Brown-Out Circuit for a DC/DC converter

Thread Starter

booj

Joined Jun 24, 2007
1
Hey all, I'm building this power supply where I use ~12V from the cigarette lighter jack in a car and have it run through a voltage regulator( LM 7805 ) to power : atmel microcontroller, UM12 modem, LCD and a GPS receiver.

I need to add a brown-out circuit ( most microcontrollers have one built in ) but i'm not sure how to connect this circuit to the rest of the modules.
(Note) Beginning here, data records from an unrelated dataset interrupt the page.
(* Let $|\psi\rangle=\sum_{i_1,\dots,i_N}\mathrm{Tr}[A^{[1],i_1}\cdots A^{[N],i_N}]|i_1\dots i_N\rangle$ be a (not necessarily translationally invariant) MPS on a sufficiently large number $N$ of sites in which every tensor $A^{[n]}$ is injective, and suppose $|\psi\rangle$ has the exact MPS-up$_{0,D}$ property. Then $\prod_{i=i_0}^{N}D_{[i]}\le D$, where $i_0=1$ if $N$ is even and $i_0=2$ if $N$ is odd (so $|\psi\rangle$ is a product over almost all sites).
   Context: Here $A^{[n],i}$ ($i=1,\dots,d$) are $D_{[n]}\times D_{[n+1]}$ complex matrices with $D_{[N+1]}=D_{[1]}$; thus $D_{[n]}$ is the dimension of the virtual bond between site $n-1$ and site $n$ (cyclically). The tensor $A^{[n]}$ is injective if the linear map $X\mapsto\sum_{i=1}^d\mathrm{Tr}[XA^{[n],i}]|i\rangle$ from $\mathcal{M}_{D_{[n+1]}\times D_{[n]}}(\mathbb{C})$ to $\mathbb{C}^d$ is injective (equivalently, it has a left inverse). A state is an exact MPS-up$_{0,D}$ if for every permutation $\pi$ of its $N$ sites, $U_\pi|\psi\rangle$ (with $U_\pi$ the unitary permuting the tensor factors) is equal to an MPS with bond dimensions at most $D$; equivalently, its Schmidt rank across every bipartition of the sites is at most $D$. *)

theory Defs
  imports "Jordan_Normal_Form.Matrix"
begin

text \<open>Sites are indexed 0,...,N-1 (site n here is site n+1 of the paper).
  Dim n is the bond dimension to the left of site n, i.e. Dim n = D_[n+1];
  the bond to the right of site n is Dim ((n+1) mod N).
  A n i is the D_[n] x D_[n+1] matrix A^[n],i, for physical index i < d.\<close>

definition mps_tensors_ok ::
  "nat \<Rightarrow> nat \<Rightarrow> (nat \<Rightarrow> nat) \<Rightarrow> (nat \<Rightarrow> nat \<Rightarrow> complex mat) \<Rightarrow> bool" where
  "mps_tensors_ok N d Dim A \<longleftrightarrow>
     (\<forall>n<N. \<forall>i<d. A n i \<in> carrier_mat (Dim n) (Dim (Suc n mod N)))"

definition mat_trace :: "complex mat \<Rightarrow> complex" where
  "mat_trace M = (\<Sum>i<dim_row M. M $$ (i, i))"

definition mps_coeff ::
  "nat \<Rightarrow> (nat \<Rightarrow> nat) \<Rightarrow> (nat \<Rightarrow> nat \<Rightarrow> complex mat) \<Rightarrow> (nat \<Rightarrow> nat) \<Rightarrow> complex" where
  "mps_coeff N Dim A idx = mat_trace (foldl (\<lambda>M k. M * A k (idx k)) (1\<^sub>m (Dim 0)) [0..<N])"

definition injective_tensor ::
  "nat \<Rightarrow> nat \<Rightarrow> (nat \<Rightarrow> nat) \<Rightarrow> (nat \<Rightarrow> nat \<Rightarrow> complex mat) \<Rightarrow> nat \<Rightarrow> bool" where
  "injective_tensor N d Dim A n \<longleftrightarrow>
     (\<forall>X \<in> carrier_mat (Dim (Suc n mod N)) (Dim n).
        (\<forall>i<d. mat_trace (X * A n i) = 0) \<longrightarrow> X = 0\<^sub>m (Dim (Suc n mod N)) (Dim n))"

definition restr :: "nat set \<Rightarrow> (nat \<Rightarrow> nat) \<Rightarrow> (nat \<Rightarrow> nat)" where
  "restr S idx = (\<lambda>k. if k \<in> S then idx k else 0)"

definition schmidt_rank_le ::
  "nat \<Rightarrow> nat \<Rightarrow> ((nat \<Rightarrow> nat) \<Rightarrow> complex) \<Rightarrow> nat set \<Rightarrow> nat \<Rightarrow> bool" where
  "schmidt_rank_le N d psi S r \<longleftrightarrow>
     (\<exists>f g :: nat \<Rightarrow> (nat \<Rightarrow> nat) \<Rightarrow> complex.
        \<forall>idx. (\<forall>k<N. idx k < d) \<longrightarrow>
          psi idx = (\<Sum>j<r. f j (restr S idx) * g j (restr ({0..<N} - S) idx)))"

definition exact_MPS_up ::
  "nat \<Rightarrow> nat \<Rightarrow> ((nat \<Rightarrow> nat) \<Rightarrow> complex) \<Rightarrow> nat \<Rightarrow> bool" where
  "exact_MPS_up N d psi D \<longleftrightarrow> (\<forall>S \<subseteq> {0..<N}. schmidt_rank_le N d psi S D)"

end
Any bit of help would be greatly appreciated.
 

Papabravo

Joined Feb 24, 2006
21,225
With respect to battery powered systems the concept of a brown-out is out of place. In a mains powered circuit it refers to a temporary dip in the voltage. If the power supply cannot handle such a dip in the AC voltage, it's regulated output will dip. In automotive systems recoverable brown-outs don't generally happen. A load dump transient is probably of greater concern.
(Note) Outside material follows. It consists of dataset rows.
(* Let $K\subset\mathbb{R}^n$ ($n\ge2$) be compact and not log-polar, let $\mu\in\mathcal M(K)$ with $I(\mu)<\infty$, and let $Q\in\mathcal A(K)$ be finite $\mu$-almost everywhere. Then there exist an increasing sequence of compact sets $K_m\subset K$ and measures $\mu_m\in\mathcal M(K_m)$ such that: (1) $\mu_m\to\mu$ weakly as $m\to\infty$; (2) $Q|_{K_m}\in C(K_m)$ for each $m$ and $\int Q\,d\mu_m\to\int Q\,d\mu$; (3) $I(\mu_m)\to I(\mu)$.
   Context: $\mathcal M(K)$: Borel probability measures on $K$, weak topology. $I(\mu)=\int\int\log\frac1{|x-y|}d\mu d\mu$; $K$ log-polar if $I=\infty$ on $\mathcal M(K)$ (a Borel set if all compact subsets are). $\mathcal A(K)$: lower semicontinuous $Q:K\to(-\infty,\infty]$ with $\{Q<\infty\}$ not log-polar. *)

theory Defs
  imports "HOL-Probability.Probability"
begin

definition prob_measures_on :: "'a::euclidean_space set \<Rightarrow> 'a measure set" where
  "prob_measures_on K = {M. prob_space M \<and> sets M = sets borel \<and> emeasure M K = 1}"

definition log_kernel_pos :: "'a::euclidean_space \<Rightarrow> 'a \<Rightarrow> ennreal" where
  "log_kernel_pos x y = (if x = y then \<infinity> else ennreal (max 0 (- ln (dist x y))))"

definition log_kernel_neg :: "'a::euclidean_space \<Rightarrow> 'a \<Rightarrow> ennreal" where
  "log_kernel_neg x y = (if x = y then 0 else ennreal (max 0 (ln (dist x y))))"

definition log_energy :: "'a::euclidean_space measure \<Rightarrow> ereal" where
  "log_energy M =
     enn2ereal (\<integral>\<^sup>+ x. \<integral>\<^sup>+ y. log_kernel_pos x y \<partial>M \<partial>M)
   - enn2ereal (\<integral>\<^sup>+ x. \<integral>\<^sup>+ y. log_kernel_neg x y \<partial>M \<partial>M)"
To answer your question there are probably several different ways you could approach the problem. If you use a diode to charge a capacitor from the +12V and compare the value on the capacitor to the +12V you will get an indication that the +12V has dropped below the capacitor voltage before the capacitor has a chance to discharge.
 

a_kent

Joined Jun 12, 2007
30
What PapaBravo said, plus when you start the car, or hit major peaks with a 1kw+ audio amp, you can have major voltage dips as well.

What kinds of problems are you having?

The PIC's and AVR's mostly have brownout detection built in. Just enable it and the cpu should just reset itself if this happens.

If this is a commercial product, I would highly recommend moving to a switching power supply. That 7805 is really inefficient.